## WHAT THE TASK REQUIRES
Your answer should repeat exactly the line containing "assms by (intro power_mono) auto" and all lines after it through the end of the material below, with no other text.

------------------------------------------------------------------------

(* For $d=3$ and $\lambda\ge 2/\sqrt3$, the only positive solution $z$ of the fixed-point equation $z=\phi_3(z,\lambda)$ is $$\mu_{3,\infty}(\lambda)=\frac{3\lambda^2+\lambda\sqrt{9\lambda^2-12}+4}{\sqrt{18\lambda^2+6\lambda\sqrt{9\lambda^2-12}}},$$ and the corresponding alignment $\alpha_{3,\infty}(\lambda)=\omega_3(\mu_{3,\infty}(\lambda),\lambda)$ equals $$\alpha_{3,\infty}(\lambda)=\sqrt{\frac12+\sqrt{\frac{3\lambda^2-4}{12\lambda^2}}}.$$
   Context: For $d=3$: $\beta_3=1/\sqrt{6}\cdot\sqrt{4}\,$ i.e. $\beta_3=2/\sqrt6$, and $m_3(z)=\frac{2}{\beta_3^2}\left(-z+z\sqrt{1-\beta_3^2/z^2}\right)=-3z+3\sqrt{z^2-2/3}$. The functions are $\omega_3(z,\lambda)=\frac1\lambda\left(z+\frac13 m_3(z/2)\right)=\frac1\lambda\left(\frac z2+\sqrt{\frac{z^2}{4}-\frac23}\right)$ and $\phi_3(z,\lambda)=\lambda\,\omega_3(z,\lambda)^3-\frac12 m_3(z/2)$. *)

theory Defs
  imports Complex_Main
begin

definition m3 :: "real \<Rightarrow> real" where
  "m3 z = -3 * z + 3 * sqrt (z^2 - 2/3)"

definition omega3 :: "real \<Rightarrow> real \<Rightarrow> real" where
  "omega3 z l = (1/l) * (z + (1/3) * m3 (z/2))"

definition phi3 :: "real \<Rightarrow> real \<Rightarrow> real" where
  "phi3 z l = l * (omega3 z l)^3 - (1/2) * m3 (z/2)"

definition mu3 :: "real \<Rightarrow> real" where
  "mu3 l = (3 * l^2 + l * sqrt (9 * l^2 - 12) + 4)
            / sqrt (18 * l^2 + 6 * l * sqrt (9 * l^2 - 12))"

end

theory Submission
  imports Defs
begin

text \<open>Every admissible z is uniquely of the form z = w + 2/(3w) with 3w^2 \<ge> 2, namely
  w = z/2 + sqrt (z^2/4 - 2/3). In the variable w the square root in m3 disappears:
  m3 (z/2) = -2/w, \<omega>3 z \<lambda> = w/\<lambda> and \<phi>3 z \<lambda> = w^3/\<lambda>^2 + 1/w, so the fixed-point equation
  becomes the quadratic 3v^2 - 3\<lambda>^2 v + \<lambda>^2 = 0 in v = w^2. Its smaller root lies below 2/3
  (unless both roots coincide), so the larger root v = \<lambda>^2/2 + \<lambda> sqrt (9\<lambda>^2 - 12)/6 is the only
  admissible one; it yields \<mu>3 and \<alpha>3 = sqrt v / \<lambda>.\<close>

definition joukowski :: "real \<Rightarrow> real" where
  "joukowski w = w + 2 / (3 * w)"

lemma joukowski_half_sq_sub:
  assumes "w \<noteq> 0"
  shows "(joukowski w / 2)^2 - 2/3 = ((w - 2 / (3 * w)) / 2)^2"
  using assms by (simp add: joukowski_def field_simps power2_eq_square)

lemma sqrt_joukowski:
  assumes "w > 0" "3 * w^2 \<ge> 2"
  shows "sqrt ((joukowski w / 2)^2 - 2/3) = (w - 2 / (3 * w)) / 2"
proof -
  have "2 / (3 * w) \<le> w"
    using assms by (simp add: field_simps power2_eq_square)
  then show ?thesis using assms by (simp add: joukowski_half_sq_sub)
qed

lemma m3_joukowski:
  assumes "w > 0" "3 * w^2 \<ge> 2"
  shows "m3 (joukowski w / 2) = -2 / w"
  using assms by (simp add: m3_def sqrt_joukowski) (simp add: joukowski_def field_simps)

lemma omega3_joukowski:
  assumes "w > 0" "3 * w^2 \<ge> 2"
  shows "omega3 (joukowski w) l = w / l"
  using assms by (simp add: omega3_def m3_joukowski) (simp add: joukowski_def field_simps)

lemma phi3_joukowski:
  assumes "w > 0" "3 * w^2 \<ge> 2"
  shows "phi3 (joukowski w) l = w^3 / l^2 + 1 / w"
  using assms by (cases "l = 0") (simp_all add: phi3_def omega3_joukowski m3_joukowski power_divide
      power2_eq_square power3_eq_cube)

lemma joukowski_fixed_point_iff:
  assumes "w > 0" "3 * w^2 \<ge> 2" "l \<noteq> 0"
  shows "joukowski w = phi3 (joukowski w) l \<longleftrightarrow> 3 * (w^2)^2 - 3 * l^2 * w^2 + l^2 = 0"
proof -
  have diff: "joukowski w - (w^3 / l^2 + 1 / w) = - (3 * (w^2)^2 - 3 * l^2 * w^2 + l^2) / (3 * w * l^2)"
    using assms by (simp add: joukowski_def field_simps power2_eq_square power3_eq_cube)
  have "joukowski w = phi3 (joukowski w) l \<longleftrightarrow> joukowski w - (w^3 / l^2 + 1 / w) = 0"
    by (simp add: phi3_joukowski[OF assms(1,2)])
  also have "\<dots> \<longleftrightarrow> 3 * (w^2)^2 - 3 * l^2 * w^2 + l^2 = 0"
    unfolding diff using assms by (simp, linarith)
  finally show ?thesis .
qed

lemma joukowski_admissible:
  assumes "w > 0"
  shows "joukowski w > 0" "(joukowski w)^2 / 4 \<ge> 2/3"
proof -
  show "joukowski w > 0" using assms by (simp add: joukowski_def add_pos_pos)
  have "(joukowski w / 2)^2 - 2/3 \<ge> 0"
    using assms by (simp add: joukowski_half_sq_sub)
  then show "(joukowski w)^2 / 4 \<ge> 2/3" by (simp add: power_divide)
qed

lemma admissible_obtain_joukowski:
  assumes "z > 0" "z^2 / 4 \<ge> 2/3"
  obtains w where "w > 0" "3 * w^2 \<ge> 2" "z = joukowski w"
proof -
  define s where "s = sqrt (z^2/4 - 2/3)"
  have s0: "s \<ge> 0" and s2: "s^2 = z^2/4 - 2/3" using assms by (auto simp: s_def)
  define w where "w = z/2 + s"
  have w0: "w > 0" using assms s0 by (simp add: w_def)
  have "w * (z/2 - s) = 2/3" using s2 by (simp add: w_def algebra_simps power2_eq_square)
  then have conj: "z/2 - s = 2 / (3 * w)" using w0 by (simp add: field_simps)
  then have "2 / (3 * w) \<le> w" using s0 w_def by linarith
  then have "3 * w^2 \<ge> 2" using w0 by (simp add: field_simps power2_eq_square)
  moreover have "z = joukowski w" using conj by (simp add: joukowski_def w_def)
  ultimately show ?thesis using that w0 by blast
qed

lemma admissible_quadratic_root_iff:
  fixes l v :: real
  assumes "l > 0" "3 * l^2 \<ge> 4" "3 * v \<ge> 2"
  shows "3 * v^2 - 3 * l^2 * v + l^2 = 0 \<longleftrightarrow> v = l^2/2 + l * sqrt (9 * l^2 - 12) / 6"
proof -
  define r where "r = sqrt (9 * l^2 - 12)"
  have r0: "r \<ge> 0" and r2: "r^2 = 9 * l^2 - 12" using assms(2) by (auto simp: r_def)
  have lr: "(l * r)^2 = l^2 * (9 * l^2 - 12)" using r2 by (simp add: power_mult_distrib)
  have factor: "12 * (3 * v^2 - 3 * l^2 * v + l^2) = (6 * v - 3 * l^2)^2 - (l * r)^2"
    unfolding lr by (simp add: power2_eq_square algebra_simps)
  have small_root: "6 * v - 3 * l^2 = l * r" if "6 * v - 3 * l^2 = - (l * r)"
  proof -
    have "l * r \<le> 3 * l^2 - 4" using that assms(3) by linarith
    then have "(l * r)^2 \<le> (3 * l^2 - 4)^2" using assms(1) r0 by (intro power_mono) auto
    then have "3 * l^2 \<le> 4" unfolding lr by (simp add: power2_eq_square algebra_simps)
    then have "r^2 = 0" using assms(2) r2 by simp
    then have "r = 0" by simp
    then show ?thesis using that by simp
  qed
  have "3 * v^2 - 3 * l^2 * v + l^2 = 0 \<longleftrightarrow> (6 * v - 3 * l^2)^2 = (l * r)^2"
    using factor by (smt (verit))
  also have "\<dots> \<longleftrightarrow> 6 * v - 3 * l^2 = l * r"
    using small_root by (auto simp: power2_eq_iff)
  also have "\<dots> \<longleftrightarrow> v = l^2/2 + l * r / 6" by linarith
  finally show ?thesis unfolding r_def .
qed

definition fixed_w :: "real \<Rightarrow> real" where
  "fixed_w l = sqrt (l^2/2 + l * sqrt (9 * l^2 - 12) / 6)"

lemma fixed_w_admissible:
  assumes "l > 0" "3 * l^2 \<ge> 4"
  shows "fixed_w l > 0" "3 * (fixed_w l)^2 \<ge> 2"
proof -
  have "l * sqrt (9 * l^2 - 12) \<ge> 0" using assms by simp
  then have "3 * (l^2/2 + l * sqrt (9 * l^2 - 12) / 6) \<ge> 2" using assms(2) by simp
  then show "fixed_w l > 0" "3 * (fixed_w l)^2 \<ge> 2" by (auto simp: fixed_w_def)
qed

lemma joukowski_fixed_point_iff_fixed_w:
  assumes "w > 0" "3 * w^2 \<ge> 2" "l > 0" "3 * l^2 \<ge> 4"
  shows "joukowski w = phi3 (joukowski w) l \<longleftrightarrow> w = fixed_w l"
proof -
  have "joukowski w = phi3 (joukowski w) l \<longleftrightarrow> w^2 = (fixed_w l)^2"
    using assms joukowski_fixed_point_iff admissible_quadratic_root_iff[of l "w^2"]
      fixed_w_admissible[OF assms(3,4)] by (simp add: fixed_w_def)
  also have "\<dots> \<longleftrightarrow> w = fixed_w l"
    using assms(1) fixed_w_admissible[OF assms(3,4)] by (simp add: power2_eq_iff_nonneg)
  finally show ?thesis .
qed

lemma mu3_eq_joukowski:
  assumes "l > 0" "3 * l^2 \<ge> 4"
  shows "mu3 l = joukowski (fixed_w l)"
proof -
  define r where "r = sqrt (9 * l^2 - 12)"
  define w where "w = fixed_w l"
  have w0: "w > 0" using fixed_w_admissible[OF assms] by (simp add: w_def)
  have w2: "w^2 = l^2/2 + l * r / 6"
    using fixed_w_admissible[OF assms] by (simp add: w_def r_def fixed_w_def)
  have "18 * l^2 + 6 * l * r = (6 * w)^2" using w2 by (simp add: algebra_simps)
  then have den: "sqrt (18 * l^2 + 6 * l * r) = 6 * w" using w0 by (simp only: real_sqrt_abs)
  have "mu3 l = (6 * w^2 + 4) / (6 * w)" unfolding mu3_def r_def[symmetric] den w2 by simp
  also have "\<dots> = joukowski w" using w0 by (simp add: joukowski_def field_simps power2_eq_square)
  finally show ?thesis unfolding w_def .
qed

lemma fixed_points_phi3:
  assumes "l > 0" "3 * l^2 \<ge> 4"
  shows "{z. z > 0 \<and> z^2 / 4 \<ge> 2/3 \<and> z = phi3 z l} = {mu3 l}"
proof (intro equalityI subsetI)
  fix z assume "z \<in> {z. z > 0 \<and> z^2 / 4 \<ge> 2/3 \<and> z = phi3 z l}"
  then obtain w where "w > 0" "3 * w^2 \<ge> 2" "z = joukowski w" "z = phi3 z l"
    using admissible_obtain_joukowski by auto
  with assms show "z \<in> {mu3 l}"
    by (simp add: joukowski_fixed_point_iff_fixed_w mu3_eq_joukowski)
next
  fix z assume "z \<in> {mu3 l}"
  with assms fixed_w_admissible[OF assms] joukowski_admissible[of "fixed_w l"]
  show "z \<in> {z. z > 0 \<and> z^2 / 4 \<ge> 2/3 \<and> z = phi3 z l}"
    by (simp add: joukowski_fixed_point_iff_fixed_w mu3_eq_joukowski)
qed

lemma omega3_mu3:
  assumes "l > 0" "3 * l^2 \<ge> 4"
  shows "omega3 (mu3 l) l = sqrt (1/2 + sqrt ((3 * l^2 - 4) / (12 * l^2)))"
proof -
  have "(3 * l^2 - 4) / (12 * l^2) = (sqrt (9 * l^2 - 12) / (6 * l))^2"
    using assms by (simp add: power_divide power_mult_distrib field_simps)
  then have ratio: "sqrt ((3 * l^2 - 4) / (12 * l^2)) = sqrt (9 * l^2 - 12) / (6 * l)"
    using assms by simp
  have "omega3 (mu3 l) l = fixed_w l / l"
    using fixed_w_admissible[OF assms] by (simp add: mu3_eq_joukowski[OF assms] omega3_joukowski)
  also have "\<dots> = sqrt ((l^2/2 + l * sqrt (9 * l^2 - 12) / 6) / l^2)"
    using assms(1) by (simp add: fixed_w_def real_sqrt_divide)
  also have "(l^2/2 + l * sqrt (9 * l^2 - 12) / 6) / l^2 = 1/2 + sqrt ((3 * l^2 - 4) / (12 * l^2))"
    unfolding ratio using assms(1) by (simp add: field_simps power2_eq_square)
  finally show ?thesis .
qed

theorem lemma1:
  fixes l :: real
  assumes "l \<ge> 2 / sqrt 3"
  shows "{z::real. z > 0 \<and> z^2 / 4 \<ge> 2/3 \<and> z = phi3 z l} = {mu3 l}
     \<and> omega3 (mu3 l) l = sqrt (1/2 + sqrt ((3 * l^2 - 4) / (12 * l^2)))"
proof -
  have "0 < 2 / sqrt (3::real)" by simp
  then have l0: "l > 0" using assms by linarith
  have "(2 / sqrt 3)^2 \<le> l^2" using assms by (intro power_mono) auto
  then have "3 * l^2 \<ge> 4" by (simp add: power_divide field_simps)
  with l0 show ?thesis using fixed_points_phi3 omega3_mu3 by blast
qed

end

------------------------------------------------------------------------

## TASK RESPONSE
  have "(2 / sqrt 3)^2 \<le> l^2" using assms by (intro power_mono) auto
  then have "3 * l^2 \<ge> 4" by (simp add: power_divide field_simps)
  with l0 show ?thesis using fixed_points_phi3 omega3_mu3 by blast
qed

end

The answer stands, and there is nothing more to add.